# Is America losing its grip on large corporations?



## Kanto (Apr 23, 2011)

L.A.F.2. said:


> I know the US still has the highest GDP on the planet, so shouldn't we still be growing, at least a little more than we are now? It's just this stalled growth that I am wondering about. However, shouldn't I be worried that office towers aren't going up much more? As Kanto said, residential towers have to be thin so people can have windows in their apartments. No matter how hard I try, I can't build a stable residential building meeting that requirement over 2,000 feet. It just gets dangerous due to such a small base in comparison to such a high center of gravity. If the residential market is all that's left for this country's skyscrapers, then we won't ever see a building with a roof height over 2,000 feet.


Never underestimate the power of new inventions and new procedures. A decade or two ago 432 Park would be impossible to build feasibly. But now it is rising. Now imagine what thin residential towers will be feasible a decade or two in the future :cheers:


----------



## Suburbanist (Dec 25, 2009)

Many corporations use campuses instead of high-rises... something that didn't exist in the 1950s in any meaningful way.


----------



## aquaticko (Mar 15, 2011)

Yes, we have still have the highest GDP in the world, but that just tells us why we have so many skyscrapers already, not that we should expect more. 

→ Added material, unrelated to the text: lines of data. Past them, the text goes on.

text \<open>\<open>Q\<^sub>1(t + s) + Q\<^sub>1(t - s) - 2 Q\<^sub>1(t) = 2 Q\<^sub>1(s)\<close>, which is \<open>-1\<close> for a point with \<open>Q\<^sub>1(s) = 1\<close>.\<close>

lemma one_in_design_code: "(\<lambda>t. 1) \<in> design_code"
proof -
  have "card {t::'a. Tr (2 * m) (1 * t ^ (3 ^ m + 1)) = 1} \<noteq> 0"
    using card_Tr_norm_level[of 1 1] by simp
  then have "{t::'a. Tr (2 * m) (1 * t ^ (3 ^ m + 1)) = 1} \<noteq> {}"
    by (metis card.empty)
  then obtain s :: 'a where K: "Tr (2 * m) (s ^ (3 ^ m + 1)) = 1"
    by auto
  define X where "X s' t = Tr (2 * m) (1 * (t + s') ^ (3 ^ m + 1))" for s' t :: 'a
  have "(\<lambda>t. (-1) * (X s t + X (- s) t - X 0 t - X 0 t)) \<in> design_code"
    unfolding X_def by (intro span3_scale span3_diff span3_add shifted_norm_in_design_code) simp_all
  moreover have "(-1) * (X s t + X (- s) t - X 0 t - X 0 t) = 1" for t
    using Tr_norm_shift[OF subF_1, of t s] Tr_norm_shift_minus[OF subF_1, of t s] K
      char3_two_eq_minus_one[OF CHAR_eq_3]
    by (simp add: X_def algebra_simps)
  ultimately show ?thesis
    by simp
qed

The whole point of this thread was to ask is the U.S. has lost its place as a home for the sort of large corporations that have historically been the reason for the construction of skyscrapers. The answer is no we haven't, but that metaphorical home is no longer growing.

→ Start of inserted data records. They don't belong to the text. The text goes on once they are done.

(* For all $u^l\in\mathcal E^l_{T,\pm}$ and $u^r\in\mathcal E^r_{T,\pm}$, $$\|u^l+u^r\|^2_{\dot{\mathcal E}_{T,\pm}}=\|u^l\|^2_{\dot{\mathcal E}_{T,\pm}}+\|u^r\|^2_{\dot{\mathcal E}_{T,\pm}}.$$
   Context: Let $\Lambda>0,M>0,a\in\mathbb R$, $\Delta_r=(1-\frac13\Lambda r^2)(r^2+a^2)-2Mr$, positive on $(r_-,r_+)$ with $0<r_-<r_+$ simple roots, $\lambda=1+\frac13\Lambda a^2$; $x$ the Regge–Wheeler coordinate ($dx/dr=\lambda(r^2+a^2)/\Delta_r$), $r=r(x)$. Fix $n\in\mathbb Z$, $\mathcal Y^n=\ker(D_\phi-n)\subset L^2(\mathbb R_x\times\mathbb S^2)$. $l(x)=\frac{an}{a^2+r(x)^2}$, $l_\pm=\frac{an}{a^2+r_\pm^2}$, $w_+=\partial_x+il$, $w_-=-\partial_x+il$, $\tilde w_-=-\partial_x-il+2il_+$, $\tilde w_+=\partial_x-il+2il_-$. $h_{0,T,+}=-(\partial_x+i(l-l_+))^2$, $h_{0,T,-}=-(-\partial_x+i(l-l_-))^2$ (nonnegative selfadjoint, maximal domains). $\dot{\mathcal E}_{T,\pm}$ is the completion of $\mathrm{Dom}(h_{0,T,\pm}^{1/2})\oplus L^2$ for $\|u\|^2=\|u_1+l_\pm u_0\|^2+\langle h_{0,T,\pm}u_0,u_0\rangle$; $\dot{\mathcal E}^n_{T,\pm}$ is the closure of its $\mathcal Y^n$-valued part. With the maps $u\mapsto\frac{w}{i}u_0+u_1$ extended continuously to $L^2$: $\mathcal E^r_{T,+}=\{u\in\dot{\mathcal E}^n_{T,+}:\frac{w_+}iu_0+u_1=0\}$, $\mathcal E^l_{T,+}=\{u\in\dot{\mathcal E}^n_{T,+}:\frac{\tilde w_-}iu_0+u_1=0\}$, $\mathcal E^r_{T,-}=\{u\in\dot{\mathcal E}^n_{T,-}:\frac{\tilde w_+}iu_0+u_1=0\}$, $\mathcal E^l_{T,-}=\{u\in\dot{\mathcal E}^n_{T,-}:\frac{w_-}iu_0+u_1=0\}$. *)

theory Defs
  imports "HOL-Analysis.Analysis"
begin

definition Delta_r :: "real \<Rightarrow> real \<Rightarrow> real \<Rightarrow> real \<Rightarrow> real" where
  "Delta_r Lam M a \<rho> = (1 - Lam * \<rho>\<^sup>2 / 3) * (\<rho>\<^sup>2 + a\<^sup>2) - 2 * M * \<rho>"

definition lam_const :: "real \<Rightarrow> real \<Rightarrow> real" where
  "lam_const Lam a = 1 + Lam * a\<^sup>2 / 3"

text \<open>Standing assumptions; the Regge--Wheeler coordinate is encoded through its inverse
  r = r(x), a bijection of the real line onto (r_-, r_+) with dr/dx = Delta_r / (lambda (r^2+a^2)).\<close>
definition KdS_setting ::
  "real \<Rightarrow> real \<Rightarrow> real \<Rightarrow> real \<Rightarrow> real \<Rightarrow> (real \<Rightarrow> real) \<Rightarrow> bool" where
  "KdS_setting Lam M a rm rp r \<longleftrightarrow>
     Lam > 0 \<and> M > 0 \<and> 0 < rm \<and> rm < rp \<and>
     Delta_r Lam M a rm = 0 \<and> Delta_r Lam M a rp = 0 \<and>
     deriv (Delta_r Lam M a) rm \<noteq> 0 \<and> deriv (Delta_r Lam M a) rp \<noteq> 0 \<and>
     (\<forall>\<rho>\<in>{rm<..<rp}. Delta_r Lam M a \<rho> > 0) \<and>
     bij_betw r UNIV {rm<..<rp} \<and>
     (\<forall>x. (r has_real_derivative
            Delta_r Lam M a (r x) / (lam_const Lam a * ((r x)\<^sup>2 + a\<^sup>2))) (at x))"

definition ell :: "real \<Rightarrow> int \<Rightarrow> real \<Rightarrow> real" where
  "ell a n \<rho> = a * real_of_int n / (a\<^sup>2 + \<rho>\<^sup>2)"

section \<open>L^2(R_x \<times> S^2) in coordinates (x, theta, phi)\<close>

type_synonym cfun = "real \<times> real \<times> real \<Rightarrow> complex"
type_synonym pre = "cfun \<times> cfun \<times> cfun"  \<comment> \<open>(u0, d_x u0, u1)\<close>

definition mu :: "(real \<times> real \<times> real) measure" where
  "mu = density lborel
     (\<lambda>p. indicator ({0<..<pi} \<times> {0<..<2*pi}) (snd p) * ennreal (sin (fst (snd p))))"

definition L2 :: "cfun set" where
  "L2 = {f. f \<in> borel_measurable mu \<and> (\<integral>\<^sup>+ p. ennreal ((cmod (f p))\<^sup>2) \<partial>mu) < \<infinity>}"

definition L2norm :: "cfun \<Rightarrow> real" where
  "L2norm f = sqrt (enn2real (\<integral>\<^sup>+ p. ennreal ((cmod (f p))\<^sup>2) \<partial>mu))"

text \<open>Y^n = ker(D_phi - n), D_phi = -i d/dphi: functions e^{i n phi} v(x, theta).\<close>
definition Yn :: "int \<Rightarrow> cfun set" where
  "Yn n = {f \<in> L2. \<exists>v. AE p in mu. f p = cis (real_of_int n * snd (snd p)) * v (fst p, fst (snd p))}"

definition test_fun :: "cfun \<Rightarrow> cfun \<Rightarrow> bool" where
  "test_fun \<psi> d\<psi> \<longleftrightarrow> continuous_on UNIV \<psi> \<and> continuous_on UNIV d\<psi> \<and>
     (\<forall>x \<theta> \<phi>. ((\<lambda>s. \<psi> (s, \<theta>, \<phi>)) has_vector_derivative d\<psi> (x, \<theta>, \<phi>)) (at x)) \<and>
     compact (closure {p. \<psi> p \<noteq> 0}) \<and>
     closure {p. \<psi> p \<noteq> 0} \<subseteq> UNIV \<times> ({0<..<pi} \<times> {0<..<2*pi})"

definition weak_dx :: "cfun \<Rightarrow> cfun \<Rightarrow> bool" where
  "weak_dx u g \<longleftrightarrow> (\<forall>\<psi> d\<psi>. test_fun \<psi> d\<psi> \<longrightarrow>
      integral\<^sup>L mu (\<lambda>p. u p * d\<psi> p) = - integral\<^sup>L mu (\<lambda>p. g p * \<psi> p))"

section \<open>Y^n-valued elements of Dom(h^{1/2}) \<oplus> L^2 and the energy norms\<close>

definition preE :: "int \<Rightarrow> pre set" where
  "preE n = {(u0, du0, u1). u0 \<in> Yn n \<and> u1 \<in> Yn n \<and> du0 \<in> L2 \<and> weak_dx u0 du0}"

definition addP :: "pre \<Rightarrow> pre \<Rightarrow> pre" where
  "addP U V = (case U of (u0, du0, u1) \<Rightarrow> case V of (v0, dv0, v1) \<Rightarrow>
      (\<lambda>p. u0 p + v0 p, \<lambda>p. du0 p + dv0 p, \<lambda>p. u1 p + v1 p))"

definition subP :: "pre \<Rightarrow> pre \<Rightarrow> pre" where
  "subP U V = (case U of (u0, du0, u1) \<Rightarrow> case V of (v0, dv0, v1) \<Rightarrow>
      (\<lambda>p. u0 p - v0 p, \<lambda>p. du0 p - dv0 p, \<lambda>p. u1 p - v1 p))"

text \<open>Energy norm of dot-E_{T,+}: ||u1 + l_+ u0||^2 + <h_{0,T,+} u0, u0>, where
  <h u0,u0> = ||(d_x + i(l - l_+)) u0||^2 (form of h = A^* A, A = d_x + i(l-l_+)).\<close>
definition energyTp :: "real \<Rightarrow> int \<Rightarrow> (real \<Rightarrow> real) \<Rightarrow> real \<Rightarrow> pre \<Rightarrow> real" where
  "energyTp a n r rp U = (case U of (u0, du0, u1) \<Rightarrow>
     sqrt ((L2norm (\<lambda>p. u1 p + complex_of_real (ell a n rp) * u0 p))\<^sup>2 +
           (L2norm (\<lambda>p. du0 p + \<i> * complex_of_real (ell a n (r (fst p)) - ell a n rp) * u0 p))\<^sup>2))"

definition energyTm :: "real \<Rightarrow> int \<Rightarrow> (real \<Rightarrow> real) \<Rightarrow> real \<Rightarrow> pre \<Rightarrow> real" where
  "energyTm a n r rm U = (case U of (u0, du0, u1) \<Rightarrow>
     sqrt ((L2norm (\<lambda>p. u1 p + complex_of_real (ell a n rm) * u0 p))\<^sup>2 +
           (L2norm (\<lambda>p. - du0 p + \<i> * complex_of_real (ell a n (r (fst p)) - ell a n rm) * u0 p))\<^sup>2))"

text \<open>The maps u \<mapsto> (w/i) u0 + u1 on pre-elements, for the four vector fields.\<close>
definition map_w :: "(real \<Rightarrow> complex) \<Rightarrow> complex \<Rightarrow> pre \<Rightarrow> cfun" where
  "map_w c s U = (case U of (u0, du0, u1) \<Rightarrow>
     (\<lambda>p. (s * du0 p + c (fst p) * u0 p) / \<i> + u1 p))"
  \<comment> \<open>w = s d_x + c(x), s = \<plusminus>1\<close>

definition w_plus where "w_plus a n r = map_w (\<lambda>x. \<i> * ell a n (r x)) 1"
definition w_minus where "w_minus a n r = map_w (\<lambda>x. \<i> * ell a n (r x)) (-1)"
definition tw_minus where
  "tw_minus a n r rp = map_w (\<lambda>x. - \<i> * ell a n (r x) + 2 * \<i> * ell a n rp) (-1)"
definition tw_plus where
  "tw_plus a n r rm = map_w (\<lambda>x. - \<i> * ell a n (r x) + 2 * \<i> * ell a n rm) 1"

definition cauchy_E :: "(pre \<Rightarrow> real) \<Rightarrow> (nat \<Rightarrow> pre) \<Rightarrow> bool" where
  "cauchy_E E U \<longleftrightarrow> (\<forall>e>0. \<exists>N. \<forall>m\<ge>N. \<forall>k\<ge>N. E (subP (U m) (U k)) < e)"

text \<open>Representatives (Cauchy sequences of Y^n-valued pre-elements) of elements of the closed
  subspace of dot-E^n_T on which the continuous extension of the map F vanishes.\<close>
definition seq_rep :: "int \<Rightarrow> (pre \<Rightarrow> real) \<Rightarrow> (pre \<Rightarrow> cfun) \<Rightarrow> (nat \<Rightarrow> pre) set" where
  "seq_rep n E F = {U. (\<forall>k. U k \<in> preE n) \<and> cauchy_E E U \<and>
                        (\<lambda>k. L2norm (F (U k))) \<longlonglongrightarrow> 0}"

definition norm_completion :: "(pre \<Rightarrow> real) \<Rightarrow> (nat \<Rightarrow> pre) \<Rightarrow> real" where
  "norm_completion E U = lim (\<lambda>k. E (U k))"

end

theory Submission
  imports Defs
begin

(*
  In the components A = u1 + l_c u0 and B = (sigma d_x + i (l - l_c)) u0 (c = r_+, sigma = 1 for
  the T,+ spaces and c = r_-, sigma = -1 for the T,- spaces) the energy norm is the norm of (A, B)
  in L^2 (+) L^2, and the defining conditions of the left and right subspaces become A - s B = 0
  and A + s B = 0 with s = -i resp. s = i. For exact solutions of these conditions the cross term
  Re <A, C> + Re <B, D> = Re <s B, -s D> + Re <B, D> vanishes because |s| = 1. Along Cauchy
  sequences the conditions only hold in the limit; by Cauchy-Schwarz the cross term is then at
  most ||B|| ||C + s D|| + ||A - s B|| ||C||, which tends to 0 since the energies stay bounded.
*)

section \<open>Square-integrable functions\<close>

definition sq_integrable :: "'a measure \<Rightarrow> ('a \<Rightarrow> complex) \<Rightarrow> bool" where
  "sq_integrable M f \<longleftrightarrow> f \<in> borel_measurable M \<and> integrable M (\<lambda>x. (cmod (f x))\<^sup>2)"

lemma borel_measurable_cnj [measurable]:
  "f \<in> borel_measurable M \<Longrightarrow> (\<lambda>x. cnj (f x)) \<in> borel_measurable M"
  by (rule borel_measurable_continuous_on[where f = cnj]) (intro continuous_on_cnj continuous_on_id)

lemma sq_integrable_mult_bounded:
  assumes f: "sq_integrable M f" and c: "c \<in> borel_measurable M" and bound: "\<And>x. cmod (c x) \<le> K"
  shows "sq_integrable M (\<lambda>x. c x * f x)"
  unfolding sq_integrable_def
proof (intro conjI)
  have [measurable]: "f \<in> borel_measurable M" using f by (simp add: sq_integrable_def)
  note c[measurable]
  show "(\<lambda>x. c x * f x) \<in> borel_measurable M" by measurable
  show "integrable M (\<lambda>x. (cmod (c x * f x))\<^sup>2)"
  proof (rule Bochner_Integration.integrable_bound)
    show "integrable M (\<lambda>x. K\<^sup>2 * (cmod (f x))\<^sup>2)" using f by (simp add: sq_integrable_def)
    show "(\<lambda>x. (cmod (c x * f x))\<^sup>2) \<in> borel_measurable M" by measurable
    have "(cmod (c x * f x))\<^sup>2 \<le> K\<^sup>2 * (cmod (f x))\<^sup>2" for x
      using bound[of x] by (simp add: norm_mult power_mult_distrib mult_right_mono power_mono)
    then show "AE x in M. norm ((cmod (c x * f x))\<^sup>2) \<le> norm (K\<^sup>2 * (cmod (f x))\<^sup>2)"
      by simp
  qed
qed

Even granting that this is skyscrapercity, I don't understand this obsession with skyscrapers in and of themselves. I like them insofar as they stand for economic development and urbanization. Anything else is really just kind of pointless.


----------



## bennyboo (Jun 5, 2010)

Rather than office tower construction facts and figures shouldn't you be using office space built in the US in general? America has had skyscrapers long enough to have regulations restricting skyscrapers compared to the rest of the world; but this doesn't necessarily express our office space growth. I mean with this idea there have been no offices made in Denver, DC, and Phoenix in US history.


----------



## yankeesfan1000 (Aug 11, 2010)

^

Or how about the actual physical location of Fortune 500 or Fortune 1000 companies? I fail to see any connection between the location of those types of companies and the construction of buildings of at least 750 feet tall over the last few decades, especially when one omits NY and Chicago. 

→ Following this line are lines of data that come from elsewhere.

(* Let $h>0$, $r_0>0$, $a_1>|a_2|$, and let $A,B,c_0,C_0$ be as in the context. Fix $\rho_0>0$ and $\beta\in\big(0,\frac{h^2+h\sqrt{h^2+r_0^2}}{r_0^2+h^2+h\sqrt{h^2+r_0^2}}\big)$ (note this ratio equals $c_0/C_0$). For $n\in\mathbb N$ let $P_1^0,P_2^0\in\mathbb R^2$ (possibly depending on $n$) satisfy $|P_1^0-P_2^0|=4\rho_0/n$, put $\rho=\beta\rho_0/n$, let $x(t)$ be the solution of $\dot x=\nabla^\perp\mathcal H(x)$ with $x(0)=DT(x_0)(P_1^0-P_2^0)$, let $E=\mathcal H(x(0))$, and $C_E=\exp\big(\frac{2E}{(a_1+a_2)A}\big)$. Then for every $k\in\mathbb N$ there exists $N_0$ such that for all $n>N_0$: $C_E<C^*$, the solution $x(t)$ is periodic with some period $T_E>0$, and with $T=(k+1)T_E$, $$\min_{t\in[0,T]}|DT(x_0)^{-1}x(t)|\ \ge\ 4\rho.$$
   Context: Let $g(s)=\frac{1}{2(h\sqrt{s+h^2}+h^2)}$, $\tau(s)=\exp(\int_0^sg(z)dz)$, $T(x)=\tau(|x|^2)x$ for $x\in\mathbb R^2$, $x_0=(r_0,0)$, so $DT(x_0)=\tau(r_0^2)\,\mathrm{diag}\big(1+\frac{r_0^2}{h^2+h\sqrt{h^2+r_0^2}},\,1\big)$. Let $c_0=\tau(r_0^2)$ and $C_0=\tau(r_0^2)\big(1+\frac{r_0^2}{h^2+h\sqrt{h^2+r_0^2}}\big)$. Let $A=\frac{\sqrt{h^2+r_0^2}\,(r_0^2+h^2+h\sqrt{h^2+r_0^2})}{2\pi h\,(h^2+h\sqrt{h^2+r_0^2})}$ and $B=\frac{\tau(r_0^2)r_0}{4\pi h\sqrt{h^2+r_0^2}}$. For two points $\tilde P_1,\tilde P_2$ solving $\dot{\tilde P}_1=Aa_2\frac{(\tilde P_1-\tilde P_2)^\perp}{|\tilde P_1-\tilde P_2|^2}-a_1B(0,1)^T$, $\dot{\tilde P}_2=Aa_1\frac{(\tilde P_2-\tilde P_1)^\perp}{|\tilde P_1-\tilde P_2|^2}-a_2B(0,1)^T$ (with $a^\perp=(-a_2,a_1)$), the difference $x=\tilde P_1-\tilde P_2$ solves the Hamiltonian system $\dot x=\nabla^\perp\mathcal H(x)$ with $\mathcal H(x)=(a_1+a_2)A\ln|x|-(a_1-a_2)Bx_1$, $x=(x_1,x_2)$. Let $a'=\frac{(a_1+a_2)A}{2(a_1-a_2)B}$, so $\mathcal H$ has a unique critical point $x^*=(2a',0)$, and $C^*=(2a'/e)^2$. The relation $P_1(t)-P_2(t)=DT(x_0)^{-1}x(t)$ holds. *)

theory Defs
  imports "HOL-Analysis.Analysis"
begin

definition g_fun :: "real \<Rightarrow> real \<Rightarrow> real" where
  "g_fun h s = 1 / (2 * (h * sqrt (s + h^2) + h^2))"

definition tau :: "real \<Rightarrow> real \<Rightarrow> real" where
  "tau h s = exp (integral {0..s} (g_fun h))"

definition c0 :: "real \<Rightarrow> real \<Rightarrow> real" where
  "c0 h r0 = tau h (r0^2)"

definition C0 :: "real \<Rightarrow> real \<Rightarrow> real" where
  "C0 h r0 = tau h (r0^2) * (1 + r0^2 / (h^2 + h * sqrt (h^2 + r0^2)))"

definition DT :: "real \<Rightarrow> real \<Rightarrow> real \<times> real \<Rightarrow> real \<times> real" where
  "DT h r0 y = (C0 h r0 * fst y, c0 h r0 * snd y)"

definition DT_inv :: "real \<Rightarrow> real \<Rightarrow> real \<times> real \<Rightarrow> real \<times> real" where
  "DT_inv h r0 y = (fst y / C0 h r0, snd y / c0 h r0)"

definition A_const :: "real \<Rightarrow> real \<Rightarrow> real" where
  "A_const h r0 = sqrt (h^2 + r0^2) * (r0^2 + h^2 + h * sqrt (h^2 + r0^2))
      / (2 * pi * h * (h^2 + h * sqrt (h^2 + r0^2)))"

definition B_const :: "real \<Rightarrow> real \<Rightarrow> real" where
  "B_const h r0 = tau h (r0^2) * r0 / (4 * pi * h * sqrt (h^2 + r0^2))"

definition Ham :: "real \<Rightarrow> real \<Rightarrow> real \<Rightarrow> real \<Rightarrow> real \<times> real \<Rightarrow> real" where
  "Ham h r0 a1 a2 x = (a1 + a2) * A_const h r0 * ln (norm x) - (a1 - a2) * B_const h r0 * fst x"

definition Ham_field :: "real \<Rightarrow> real \<Rightarrow> real \<Rightarrow> real \<Rightarrow> real \<times> real \<Rightarrow> real \<times> real" where
  "Ham_field h r0 a1 a2 x =
     (- ((a1 + a2) * A_const h r0 * snd x / (norm x)^2),
      (a1 + a2) * A_const h r0 * fst x / (norm x)^2 - (a1 - a2) * B_const h r0)"

definition a_prime :: "real \<Rightarrow> real \<Rightarrow> real \<Rightarrow> real \<Rightarrow> real" where
  "a_prime h r0 a1 a2 = (a1 + a2) * A_const h r0 / (2 * (a1 - a2) * B_const h r0)"

definition C_star :: "real \<Rightarrow> real \<Rightarrow> real \<Rightarrow> real \<Rightarrow> real" where
  "C_star h r0 a1 a2 = (2 * a_prime h r0 a1 a2 / exp 1)^2"

end

theory Submission
  imports Defs
begin

(* With a = (a1 + a2) A and b = (a1 - a2) B the relative position y of the two vortices follows
   the Hamiltonian flow of H(y) = a ln|y| - b y1.  When |y(0)| = O(1/n), the energy level lies far
   below the values of H on the circle |y| = a/(2b) = a', so conservation of H traps the orbit in
   an annulus around 0 inside that circle.  There the polar angle grows at a rate bounded below,
   so the orbit meets its initial ray again; H is strictly increasing along rays inside the circle,
   hence it meets the ray at the initial point, and Lipschitz uniqueness makes the motion periodic.
   Comparing H at y(t) and y(0) also gives |y(t)| >= |y(0)| exp(-(1 + e) b |y(0)| / a), a loss
   factor tending to 1, which beats beta < c0 / C0 after undoing the linear map DT(x0). *)

section \<open>Forward solutions of autonomous equations\<close>

definition forward_solution :: "('a::real_normed_vector \<Rightarrow> 'a) \<Rightarrow> (real \<Rightarrow> 'a) \<Rightarrow> bool" where
  "forward_solution f x \<longleftrightarrow> (\<forall>t\<ge>0. (x has_vector_derivative f (x t)) (at t within {0..}))"

lemma forward_solution_continuous:
  "forward_solution f x \<Longrightarrow> continuous_on {0..} x"
  unfolding forward_solution_def by (rule continuous_on_vector_derivative) auto

lemma forward_solution_at:
  assumes "forward_solution f x" "0 < t"
  shows "(x has_vector_derivative f (x t)) (at t)"
proof -
  have "at t within {0..} = at t"
    using assms(2) by (intro at_within_interior) simp
  then show ?thesis
    using assms unfolding forward_solution_def by (metis less_imp_le)
qed

lemma forward_solution_shift:
  assumes "forward_solution f x" "0 \<le> s"
  shows "forward_solution f (\<lambda>t. x (t + s))"
  unfolding forward_solution_def
proof (intro allI impI)
  fix t :: real assume "0 \<le> t"
  have "((\<lambda>t. t + s) has_vector_derivative 1) (at t within {0..})"
    by (auto intro!: derivative_eq_intros simp: has_real_derivative_iff_has_vector_derivative[symmetric])
  moreover have "(\<lambda>t. t + s) ` {0..} \<subseteq> {0..}"
    using assms(2) by auto
  then have "(x has_vector_derivative f (x (t + s))) (at (t + s) within (\<lambda>t. t + s) ` {0..})"
    using assms \<open>0 \<le> t\<close> unfolding forward_solution_def
    by (auto intro: has_vector_derivative_within_subset)
  ultimately show "((\<lambda>t. x (t + s)) has_vector_derivative f (x (t + s))) (at t within {0..})"
    using vector_diff_chain_within[of "\<lambda>t. t + s" 1 t "{0..}" x] by (simp add: o_def)
qed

I'm not sure I see the point of this thread honestly.


----------



## RegentHouse (Sep 2, 2012)

As said before, lots of companies are located in suburban office parks and God-forbid, warehouses. Big American cities need to update their 1960s tax codes and offer incentives for companies to relocate. Asian cities are the best places to do business, with major corporations having offices in towers in the urban areas or office parks which are made of skyscrapers, too.


----------